* MATERIAL TO PROCESS *
definition diag_edge :: "int \<Rightarrow> edge" where
  "diag_edge k = Dia (col k) (row k)"

text \<open>The edge crossed between the antidiagonals \<open>X + Y = k\<close> and \<open>X + Y = k + 1\<close>.\<close>
definition mid_edge :: "int \<Rightarrow> edge" where
  "mid_edge k = (if col (k + 1) = col k + 1 then Ver (col (k + 1)) (row k) else Hor (col k) (row (k + 1)))"

definition diag_block :: "int \<Rightarrow> edge list" where
  "diag_block k = diag_edge k # (if k + 1 < p + q then [mid_edge k] else [])"

definition diag_list :: "edge list" where
  "diag_list = concat (map diag_block [1..p + q - 1])"

lemma crosses_diag_edge:
  assumes "0 < k" and "k < p + q"
  shows "crosses p q (diag_edge k)"
  unfolding diag_edge_def crosses_Dia_iff[OF sum_pos coprime]
  using col_add_row[OF assms] assms by (simp add: col_def)

lemma cross_time_diag_edge:
  assumes "0 < k" and "k < p + q"
  shows "cross_time p q (diag_edge k) = of_int k / of_int (p + q)"
  using col_add_row[OF assms] by (simp add: diag_edge_def)

lemma mid_edge_col_step:
  assumes "0 < k" and "k + 1 < p + q" and "col (k + 1) = col k + 1"
  shows "crosses p q (mid_edge k)"
    and "of_int k / of_int (p + q) < cross_time p q (mid_edge k)"
    and "cross_time p q (mid_edge k) < of_int (k + 1) / of_int (p + q)"
proof -
  define c where "c = col (k + 1)"
  have row: "row k = k - c"
    using col_add_row[of "k + 1"] col_row_step[OF assms(1,2)] assms by (auto simp: c_def)
  have lower: "k * q < c * (p + q)" and upper: "c * (p + q) < (k + 1) * q"
    using col_bounds(2)[of k] col_less[of "k + 1"] assms by (simp_all add: c_def)
  have edge: "mid_edge k = Ver c (k - c)"
    using assms(3) row by (simp add: mid_edge_def c_def)
  have "0 \<le> c" "c < q"
    using col_range[of "k + 1"] assms by (simp_all add: c_def)
  then show "crosses p q (mid_edge k)"
    using lower upper unfolding edge by (simp add: algebra_simps)
  show "of_int k / of_int (p + q) < cross_time p q (mid_edge k)"
    "cross_time p q (mid_edge k) < of_int (k + 1) / of_int (p + q)"
    unfolding edge cross_time.simps of_int_divide_less_iff[OF sum_pos q_pos]
      of_int_divide_less_iff[OF q_pos sum_pos]
    using lower upper by simp_all
qed
(* Let $G$ be a connected graph on $n\ge2$ vertices, $\alpha\in\mathbb{R}$, with vertices labeled so that, writing $s_k=({}^\alpha\mathbb{M})_k+\mathbb{D}_k$, we have $s_1\ge s_2\ge\cdots\ge s_n$. Let $M=\max_{1\le i\le n}\mathbb{D}_i$ and $N=\max_{1\le i\ne j\le n}d_{ij}\mathbb{D}_j^\alpha/\mathbb{D}_i^\alpha$. Then for $1\le i\le n$, \[\rho(\mathbb{DQ}(G))\le \frac{s_i+M-N+\sqrt{(s_i-M+N)^2+4N\sum_{k=1}^{i-1}(s_k-s_i)}}{2}.\] Equality holds if and only if $s_1=\cdots=s_n$, or for some $2\le t\le i$: (i) $\mathbb{D}_k=M$ for $1\le k\le t-1$; (ii) $d_{kl}\mathbb{D}_l^\alpha/\mathbb{D}_k^\alpha=N$ for all $1\le k\le n$, $1\le l\le t-1$, $k\ne l$; (iii) $s_t=\cdots=s_n$.
   Context: $\mathbb{D}(G)=(d_{ij})$ is the distance matrix of $G$, $\mathbb{D}_i=\sum_j d_{ij}$ the transmission of $v_i$, and $\mathbb{DQ}(G)=\mathrm{diag}(\mathbb{D}_1,\dots,\mathbb{D}_n)+\mathbb{D}(G)$ the distance signless Laplacian matrix. $({}^\alpha\mathbb{M})_i=\frac{\sum_{j=1}^n d_{ij}\mathbb{D}_j^\alpha}{\mathbb{D}_i^\alpha}$ is the generalized average transmission. $\rho$ is the spectral radius. An empty sum equals $0$. *)

theory Defs
  imports Complex_Main "Jordan_Normal_Form.Spectral_Radius"
begin

definition is_walk :: "(nat \<Rightarrow> nat \<Rightarrow> bool) \<Rightarrow> nat \<Rightarrow> nat \<Rightarrow> nat \<Rightarrow> nat \<Rightarrow> bool" where
  "is_walk E n u v k \<longleftrightarrow> (\<exists>p :: nat \<Rightarrow> nat. p 0 = u \<and> p k = v \<and> (\<forall>m\<le>k. p m < n)
       \<and> (\<forall>m<k. E (p m) (p (Suc m))))"

definition simple_graph :: "nat \<Rightarrow> (nat \<Rightarrow> nat \<Rightarrow> bool) \<Rightarrow> bool" where
  "simple_graph n E \<longleftrightarrow> (\<forall>u v. E u v \<longrightarrow> u < n \<and> v < n) \<and> (\<forall>u v. E u v \<longrightarrow> E v u)
       \<and> (\<forall>u. \<not> E u u)"

definition connected_graph :: "nat \<Rightarrow> (nat \<Rightarrow> nat \<Rightarrow> bool) \<Rightarrow> bool" where
  "connected_graph n E \<longleftrightarrow> simple_graph n E \<and> (\<forall>u<n. \<forall>v<n. \<exists>k. is_walk E n u v k)"

definition gdist :: "nat \<Rightarrow> (nat \<Rightarrow> nat \<Rightarrow> bool) \<Rightarrow> nat \<Rightarrow> nat \<Rightarrow> real" where
  "gdist n E u v = real (LEAST k. is_walk E n u v k)"

definition transmission :: "nat \<Rightarrow> (nat \<Rightarrow> nat \<Rightarrow> bool) \<Rightarrow> nat \<Rightarrow> real" where
  "transmission n E i = (\<Sum>j<n. gdist n E i j)"

definition DQ_mat :: "nat \<Rightarrow> (nat \<Rightarrow> nat \<Rightarrow> bool) \<Rightarrow> complex mat" where
  "DQ_mat n E = mat n n (\<lambda>(i,j). complex_of_real
      ((if i = j then transmission n E i else 0) + gdist n E i j))"

definition gen_avg_trans :: "nat \<Rightarrow> (nat \<Rightarrow> nat \<Rightarrow> bool) \<Rightarrow> real \<Rightarrow> nat \<Rightarrow> real" where
  "gen_avg_trans n E \<alpha> i =
     (\<Sum>j<n. gdist n E i j * transmission n E j powr \<alpha>) / transmission n E i powr \<alpha>"

end

theory Submission
  imports Defs
begin

text \<open>With P = diag(D_k^\<alpha>), the matrix B = P^-1 DQ(G) P has the same spectrum as DQ(G), row sums
  s_k, diagonal entries D_k \<le> M and positive off-diagonal entries d_kl D_l^\<alpha>/D_k^\<alpha> \<le> N.
  For a nonnegative matrix with positive off-diagonal part, a positive vector x with Bx \<le> \<beta>x
  bounds the spectral radius by \<beta>, with equality iff Bx = \<beta>x (Collatz--Wielandt).
  Let \<beta> be the larger root of (\<beta> - s_i)(\<beta> - M + N) = N \<Sum>_{k<i} (s_k - s_i) and take
  x_k = 1 + (s_k - s_i)/(\<beta> - M + N) for k < i, x_k = 1 otherwise. Then
  (Bx)_k \<le> s_k + N \<Sum>_l (x_l - 1) + (M - N)(x_k - 1) \<le> \<beta> x_k, and the equality cases are exactly
  the cases in which both estimates are tight in every row. If all s_k with k \<le> i coincide, x is
  the all-ones vector and the bound reduces to the largest row sum.\<close>

section \<open>Real matrices and diagonal similarity\<close>

definition real_mat :: "nat \<Rightarrow> (nat \<Rightarrow> nat \<Rightarrow> real) \<Rightarrow> complex mat" where
  "real_mat n A = mat n n (\<lambda>(k, l). complex_of_real (A k l))"

lemma real_mat_carrier: "real_mat n A \<in> carrier_mat n n"
  unfolding real_mat_def by simp

lemma mult_real_mat_vec_nth:
  assumes "v \<in> carrier_vec n" and "k < n"
  shows "(real_mat n A *\<^sub>v v) $ k = (\<Sum>l<n. complex_of_real (A k l) * v $ l)"
  using assms unfolding real_mat_def
  by (auto simp: mult_mat_vec_def scalar_prod_def lessThan_atLeast0 intro!: sum.cong)

lemma eigenvector_real_mat_nth:
  assumes "eigenvector (real_mat n A) v \<mu>" and "k < n"
  shows "(\<Sum>l<n. complex_of_real (A k l) * v $ l) = \<mu> * v $ k"
proof -
  from assms(1) have v: "v \<in> carrier_vec n" and "real_mat n A *\<^sub>v v = \<mu> \<cdot>\<^sub>v v"
    unfolding eigenvector_def real_mat_def by auto
  hence "(real_mat n A *\<^sub>v v) $ k = \<mu> * v $ k" using assms(2) by simp
  thus ?thesis using mult_real_mat_vec_nth[OF v assms(2)] by simp
qed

* BRIEF *
Among the entries above, count every line containing the string "beta". Your reply must be that number alone.

* RESPONSE TO THE EXERCISE *
5